The replacement strategy is required to find out which of the N-cache lines in the same set can be replaced when there's a cache miss to that particular address request. There are three common strategies:

#### 1. LRU: Least Recently Used.

- (a) Replace least recently used item, good when N is small
- F
- (b) Need to keep ordered list of N items (N! orderings),
- (c) Overhead is  $O(\log_2 N!) = O(N \log_2 N)$  "LRU bits" per set
- (d) Plus complex logic to re-order the list after every cache access

#### 2. FIFO / LRR: Least Recently Replaced

- (a) Replace oldest item
- (b) Overhead is  $O(\log_2 N)$  bits/set, because one needs just one pointer (indicator bits) that tells us the oldest item within each set.

#### 3. Random

- (a) Use pseudo random generator to get reproducible behavior
- (b) Good when N is huge



There's no one best / winning replacement strategy. One replacement strategy can be better than the other depending on cases.

## 5 Increasing Block Size

Sometimes we would want to enlarge each line in cache (more data per tag), especially if there's high locality of reference: Here we have:



Figure 3

1. Blocks of  $2^B$  words per row, in this case in Figure 3 B=2.



- 2. Pros: locality of reference means there's a high likelihood that the words from the same block will be required together
- 3. Cons: risk of fetching unaccessed words
- 4. Figure 3 uses byte addressing (sometimes one can use word addressing too, especially for problem sets to make it easier for our computation), so recall that the lower two bits of address is always 0.
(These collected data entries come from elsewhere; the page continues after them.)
lemma sigma_low: "i \<in> {1..n} \<Longrightarrow> sigma n p i = p i"
  and sigma_high: "i \<in> {1..n} \<Longrightarrow> sigma n p (i + n + 1) = p i + n + 1"
  and sigma_other: "j \<notin> {1..2*n+1} \<or> j = n + 1 \<Longrightarrow> sigma n p j = j"
  by (auto simp: sigma_def)

lemma sigma_inverse:
  assumes "p permutes {1..n}"
  shows "sigma n (inv p) (sigma n p j) = j"
proof -
  have p_in: "p i \<in> {1..n}" if "i \<in> {1..n}" for i
    using permutes_in_image[OF assms] that by blast
  have inv_p: "inv p (p i) = i" for i
    using assms by (simp add: permutes_inverses)
  show ?thesis
  proof (cases rule: coordinate_cases[where j = j and n = n])
    case (low i)
    then show ?thesis
      by (metis sigma_low p_in inv_p)
  next
    case (high i)
    then show ?thesis
      by (metis sigma_high p_in inv_p)
  qed (simp add: sigma_other)
qed

lemma sigma_permutes:
  assumes "p permutes {1..n}"
  shows "sigma n p permutes {1..2*n+1}"
proof (rule inj_imp_permutes)
  show "inj_on (sigma n p) {1..2*n+1}"
    using sigma_inverse[OF assms] by (metis inj_onI)
  show "sigma n p j \<in> {1..2*n+1}" if "j \<in> {1..2*n+1}" for j
  proof (cases rule: coordinate_cases[where j = j and n = n])
    case (low i)
    then show ?thesis
      using permutes_in_image[OF assms, of i] by (simp add: sigma_low)
  next
    case (high i)
    then show ?thesis
      using permutes_in_image[OF assms, of i] sigma_high[of i n p] by simp
  qed (use that in \<open>simp add: sigma_other\<close>)
qed (simp_all add: sigma_other)

lemma sigma_concat3:
  assumes "p permutes {1..n}" "a \<subseteq> {1..n}" "c \<subseteq> {1..n}"
  shows "sigma n p ` concat3 n a b c = concat3 n (p ` a) b (p ` c)"
proof -
  have "sigma n p ` a = p ` a"
    using assms(2) by (intro image_cong) (auto simp: sigma_low)
  moreover have "sigma n p ` (if b then {n+1} else {}) = (if b then {n+1} else {})"
    by (simp add: sigma_other)
  moreover have "sigma n p ` ((\<lambda>i. i + n + 1) ` c) = (\<lambda>i. i + n + 1) ` (p ` c)"
    unfolding image_comp using assms(3) by (intro image_cong) (auto simp: sigma_def)
  ultimately show ?thesis
    unfolding concat3_def image_Un by simp
qed

definition partner :: "nat \<Rightarrow> nat \<Rightarrow> nat" where
  "partner n j = (if j \<le> n then j + n + 1 else j - (n + 1))"

lemma partner_pair:
  assumes "j \<in> {1..2*n+1}" "j \<noteq> n + 1"
  obtains i where "i \<in> {1..n}" "{i, i + n + 1} = {j, partner n j}"
proof (cases "j \<le> n")
  case True
  then show ?thesis
    using that[of j] assms by (auto simp: partner_def)
next
  case False
  then have "j - (n + 1) \<in> {1..n}" "{j - (n + 1), j - (n + 1) + n + 1} = {j, partner n j}"
    using assms by (auto simp: partner_def)
  then show ?thesis
    by (rule that)
qed

lemma permutes_fixpoint_image:
  assumes "f permutes S" "f a = a" "x \<in> S" "x \<noteq> a"
  shows "f x \<in> S - {a}"
  using assms permutes_in_image[OF assms(1)] injD[OF permutes_inj[OF assms(1)], of x a] by auto

lemma pair_preserving_decomposition:
  assumes rho: "rho permutes {1..2*n+1}" and fix_mid: "rho (n + 1) = n + 1"
    and pairs: "\<And>i. i \<in> {1..n} \<Longrightarrow> rho (i + n + 1) = partner n (rho i)"
  obtains p u where "p permutes {1..n}" "u \<subseteq> {1..n}" "rho = sigma n p \<circ> pair_swap n u"
proof -
  have range: "rho i \<in> {1..2*n+1} - {n + 1}" if "i \<in> {1..n}" for i
    using permutes_fixpoint_image[OF rho fix_mid, of i] that by simp
  define u where "u = {i \<in> {1..n}. n + 1 < rho i}"
  define p where "p i = (if i \<in> {1..n} then (if rho i \<le> n then rho i else rho i - (n + 1)) else i)" for i
  have u: "u \<subseteq> {1..n}"
    by (auto simp: u_def)
  have sigma_p: "sigma n p = rho \<circ> pair_swap n u"
  proof
    fix j
    show "sigma n p j = (rho \<circ> pair_swap n u) j"
    proof (cases rule: coordinate_cases[where j = j and n = n])
      case (low i)
      then show ?thesis
        using pairs[of i] range[of i] by (auto simp: sigma_def pair_swap_def u_def p_def partner_def)
    next
      case (high i)
      then show ?thesis
        using pairs[of i] range[of i] by (auto simp: sigma_def pair_swap_def u_def p_def partner_def)
    next
      case other
      then have "pair_swap n u j = j"
        using u other by (fastforce simp: pair_swap_def subset_iff)
      moreover have "rho j = j"
        using other fix_mid permutes_not_in[OF rho, of j] by auto
      ultimately show ?thesis
        using other by (simp add: sigma_other)
    qed
  qed
  then have decomp: "rho = sigma n p \<circ> pair_swap n u"
    by (simp add: fun_eq_iff pair_swap_pair_swap[OF u])
  have "p permutes {1..n}"
  proof (rule inj_imp_permutes)
    have "inj (sigma n p)"
      unfolding sigma_p using permutes_inj[OF rho] pair_swap_pair_swap[OF u]
      by (metis inj_compose inj_on_inverseI)
    then show "inj_on p {1..n}"
      by (metis inj_on_cong inj_on_subset sigma_low subset_UNIV)
    show "p i \<in> {1..n}" if "i \<in> {1..n}" for i
      using range[OF that] that by (auto simp: p_def)
    show "p i = i" if "i \<notin> {1..n}" for i
      using that by (auto simp: p_def)
  qed simp
  then show ?thesis
    using u decomp by (rule that)
qed

section \<open>Perfect codes and the Vasil'ev code\<close>

lemma perfect_code_subset: "perfect_code n C \<Longrightarrow> y \<in> C \<Longrightarrow> y \<subseteq> {1..n}"
  by (auto simp: perfect_code_def vecs_def)

lemma perfect_code_finite: "perfect_code n C \<Longrightarrow> finite C"
  unfolding perfect_code_def vecs_def by (meson finite_Pow_iff finite_atLeastAtMost finite_subset)

lemma perfect_code_distance:
  assumes C: "perfect_code n C" and "y1 \<in> C" "y2 \<in> C" "y1 \<noteq> y2"
  shows "3 \<le> hdist y1 y2"
proof (rule ccontr)
  assume "\<not> 3 \<le> hdist y1 y2"
  then have le2: "card (vadd y1 y2) \<le> 2"
    by (simp add: hdist_def)
  have "vadd y1 y2 \<noteq> {}"
    using \<open>y1 \<noteq> y2\<close> by simp
  then obtain a where a: "a \<in> vadd y1 y2"
    by blast
  have fin: "finite (vadd y1 y2)"
    using perfect_code_subset[OF C] assms(2,3) vadd_subset by (meson finite_atLeastAtMost finite_subset)
  define x where "x = vadd y1 {a}"
  have "x \<in> vecs n"
    using perfect_code_subset[OF C] assms(2,3) a
    unfolding x_def vecs_def by (auto simp: vadd_def)
  moreover have "hdist x y1 \<le> 1"
    by (simp add: x_def hdist_def vadd_assoc vadd_commute[of "{a}"])
  moreover have "vadd x y2 = vadd y1 y2 - {a}"
    using a by (auto simp: x_def vadd_def)
  then have "hdist x y2 \<le> 1"
    using le2 fin a by (simp add: hdist_def)
  ultimately show False
    using C assms(2-4) unfolding perfect_code_def by blast
qed

lemma concat3_in_vasilev_iff:
  assumes "C \<subseteq> vecs n" "x \<subseteq> {1..n}" "y \<subseteq> {1..n}"
  shows "concat3 n (vadd x y) b x \<in> vasilev n C lam \<longleftrightarrow> y \<in> C \<and> b = (wpar x \<noteq> lam y)"
proof
  assume "concat3 n (vadd x y) b x \<in> vasilev n C lam"
  then obtain x' y' where x': "x' \<subseteq> {1..n}" and "y' \<in> C"
      and eq: "concat3 n (vadd x y) b x = concat3 n (vadd x' y') (wpar x' \<noteq> lam y') x'"
    unfolding vasilev_def vecs_def by blast
  have y': "y' \<subseteq> {1..n}"
    using assms(1) \<open>y' \<in> C\<close> by (auto simp: vecs_def)
  have "vadd x y = vadd x' y' \<and> b = (wpar x' \<noteq> lam y') \<and> x = x'"
    using concat3_eq_iff[OF vadd_subset[OF assms(2,3)] assms(2) vadd_subset[OF x' y'] x'] eq
    by (rule iffD1)
  then show "y \<in> C \<and> b = (wpar x \<noteq> lam y)"
    using \<open>y' \<in> C\<close> by (metis vadd_cancel_left)
next
  assume "y \<in> C \<and> b = (wpar x \<noteq> lam y)"
  then show "concat3 n (vadd x y) b x \<in> vasilev n C lam"
    unfolding vasilev_def vecs_def using assms(2) by blast
qed

lemma vasilev_cases:
  assumes "v \<in> vasilev n C lam"
  obtains x y where "x \<subseteq> {1..n}" "y \<in> C" "v = concat3 n (vadd x y) (wpar x \<noteq> lam y) x"
  using assms by (auto simp: vasilev_def vecs_def)

lemma finite_vasilev: "finite C \<Longrightarrow> finite (vasilev n C lam)"
  unfolding vasilev_def vecs_def by (auto intro: finite_image_set2)

lemma hdist_concat3_words:
  assumes "x1 \<subseteq> {1..n}" "y1 \<subseteq> {1..n}" "x2 \<subseteq> {1..n}" "y2 \<subseteq> {1..n}"
  shows "hdist (concat3 n (vadd x1 y1) b1 x1) (concat3 n (vadd x2 y2) b2 x2)
    = card (vadd (vadd x1 x2) (vadd y1 y2)) + (if b1 \<noteq> b2 then 1 else 0) + card (vadd x1 x2)"
proof -
  have "vadd (concat3 n (vadd x1 y1) b1 x1) (concat3 n (vadd x2 y2) b2 x2)
      = concat3 n (vadd (vadd x1 y1) (vadd x2 y2)) (b1 \<noteq> b2) (vadd x1 x2)"
    using assms by (simp add: vadd_concat3 vadd_subset)
  also have "vadd (vadd x1 y1) (vadd x2 y2) = vadd (vadd x1 x2) (vadd y1 y2)"
    by (auto simp: vadd_def)
  finally have "hdist (concat3 n (vadd x1 y1) b1 x1) (concat3 n (vadd x2 y2) b2 x2)
      = card (concat3 n (vadd (vadd x1 x2) (vadd y1 y2)) (b1 \<noteq> b2) (vadd x1 x2))"
    by (simp add: hdist_def)
  also have "\<dots> = card (vadd (vadd x1 x2) (vadd y1 y2)) + (if b1 \<noteq> b2 then 1 else 0) + card (vadd x1 x2)"
    using assms by (intro card_concat3) (simp_all add: vadd_subset)
  finally show ?thesis .
qed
## 6 Byte VS Word Addressing



Figure 4

All along up until this point, we learn that in practice, data has byte addressing. However for the ease of calculation in practice questions and problem sets, now we do word addressing. Figure 4 above illustrates the difference between byte addressing that we already know and word addressing.

As shown in Fig, the number of bits needed to address **the same size of RAM** using word address is: # of byte addressing - 2. So in  $\beta$  architecture, the address is **30 bits if word addressing is used** 



## 7 Valid, Dirty, and LRU Bit

In Figure 6, we add two extra bits of storage in the cache : *V* and *D*. Although not written, FA and NW caches also have LRU bits for replacement strategy.

#### 7.1 V: Valid Bit

The valid bit indicates that the particular cache row (also called cache line, but it is a different graphical representation from 'cache line' in the N-way set associative cache) contains data from memory and not empty or redundant value. We only check cache lines with valid bit = 1.

### 7.2 D: Dirty Bit

The dirty bit is set to 1 iff the CPU writes to cache and it hasn't been stored to the memory (memory is outdated).

#### 7.3 LRU: LRU Bit

The LRU bit is present in each cache line (for DM and FA), and each cache set-cacheline cell (for NW), regardless of the block size because R/W with block size more than 1 is always done in parallel.

### 8 Cache Writes

Most memory accesses are READs, but we can handle WRITEs in three different ways. All three methods require CPU to write data to cache first.

## 8.1 Write-through

CPU writes are done in the cache first by setting TAG = Addr, and Data = new Mem[Addr] in an available cache line, but also written to the main memory immediately. This **stalls** the CPU until write to memory is complete, but memory always holds the "truth", and is never oudated.

#### 8.2 Write-behind

CPU writes are also cached, and write to the main memory is immediate but it is buffered or pipelined. CPU keeps executing next instructions while writes are completed (in order) in the background.



### 8.3 Write-back

CPU writes are also cached, but not immediately written to the main memory. Memory contents can be "stale". Typically CPU will write to the main memory only if the data in cache line needs to be replaced and that this data has been changed or is new. **This requires the dirty bit** in the cache.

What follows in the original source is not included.